(* Let $N>2$, $a>0$, and assume (H1)–(H4). Let $v_a$ be the solution of $(P_a)$ on $[0,R^{2-N}]$. Then $v_a$ has at most a finite number of zeros on $[0,R^{2-N}]$.
   Context: Fix $N>2$, $R>0$, $0<\delta<2$. The function $f:\mathbb{R}\setminus\{0\}\to\mathbb{R}$ is odd and locally Lipschitz and satisfies: (H1) there exist $p>1$ and a function $g$ with $f(u)=|u|^{p-1}u+g(u)$ for all sufficiently large $|u|$, and $\lim_{u\to\infty}|g(u)|/|u|^{p}=0$; (H2) there exist $0<q<1$ and a locally Lipschitz $g_1:\mathbb{R}\to\mathbb{R}$ with $g_1(0)=0$ such that $f(u)=-\frac{1}{|u|^{q-1}u}+g_1(u)$ for all sufficiently small $|u|\neq 0$; (H3) $f$ has a unique positive zero $\beta$, with $f<0$ on $(0,\beta)$ and $f>0$ on $(\beta,\infty)$. $K:[R,\infty)\to(0,\infty)$ with $K$ and $K'$ continuous, and (H4) $\frac{rK'(r)}{K(r)}>-2(N-1)$ on $[R,\infty)$, and there exist $K_0,K_1>0$ and exponents with $N+q(N-2)<\alpha_1\leq\alpha<2(N-1)$ such that $K_0r^{-\alpha}\leq K(r)\leq K_1r^{-\alpha_1}$ on $[R,\infty)$. Define $h(t)=\frac{t^{\frac{2(N-1)}{2-N}}K(t^{\frac{1}{2-N}})}{(N-2)^2}$ for $0<t\le R^{2-N}$. The initial value problem $(P_a)$ is $$v''(t)+h(t)f(v(t))+\frac{v(t)}{t^{2-\delta}}=0\ (t>0),\qquad v(0)=0,\ v'(0)=a,$$ understood in the integrated sense: $v\in C^1[0,R^{2-N}]$, $v(0)=0$, $h f(v)$ integrable, and $v'(t)=a-\int_0^t h(s)f(v(s))\,ds-\int_0^t s^{\delta-2}v(s)\,ds$ for all $t\in[0,R^{2-N}]$. This solution exists on all of $[0,R^{2-N}]$ and is unique. *)

theory Defs
  imports "HOL-Analysis.Analysis"
begin

definition loc_lipschitz_on :: "real set \<Rightarrow> (real \<Rightarrow> real) \<Rightarrow> bool" where
  "loc_lipschitz_on S f \<longleftrightarrow>
     (\<forall>x\<in>S. \<exists>e>0. \<exists>L. L-lipschitz_on (cball x e \<inter> S) f)"

definition h_coef :: "nat \<Rightarrow> (real \<Rightarrow> real) \<Rightarrow> real \<Rightarrow> real" where
  "h_coef N K t =
     t powr (2 * (real N - 1) / (2 - real N)) * K (t powr (1 / (2 - real N)))
       / (real N - 2)\<^sup>2"

text \<open>v solves (P_a) on [0, R^(2-N)] in the integrated sense. Since f is only
  defined on the nonzero reals, h f(v) being (defined and) integrable includes that
  v vanishes only on a null set.\<close>
definition solves_Pa ::
  "nat \<Rightarrow> real \<Rightarrow> real \<Rightarrow> (real \<Rightarrow> real) \<Rightarrow> (real \<Rightarrow> real) \<Rightarrow> real \<Rightarrow> (real \<Rightarrow> real) \<Rightarrow> bool" where
  "solves_Pa N R \<delta> K f a v \<longleftrightarrow>
     (let T = R powr (2 - real N) in
      \<exists>v'. (\<forall>t\<in>{0..T}. (v has_real_derivative v' t) (at t within {0..T}))
        \<and> continuous_on {0..T} v'
        \<and> v 0 = 0
        \<and> negligible {t\<in>{0..T}. v t = 0}
        \<and> (\<lambda>s. h_coef N K s * f (v s)) absolutely_integrable_on {0..T}
        \<and> (\<forall>t\<in>{0..T}. (\<lambda>s. s powr (\<delta> - 2) * v s) integrable_on {0..t})
        \<and> (\<forall>t\<in>{0..T}. v' t = a - integral {0..t} (\<lambda>s. h_coef N K s * f (v s))
                                  - integral {0..t} (\<lambda>s. s powr (\<delta> - 2) * v s)))"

REQUIREMENT
Your answer should be each line from the entries that includes the string "longleftrightarrow".

EXERCISE RESULT
  "loc_lipschitz_on S f \<longleftrightarrow>
  "solves_Pa N R \<delta> K f a v \<longleftrightarrow>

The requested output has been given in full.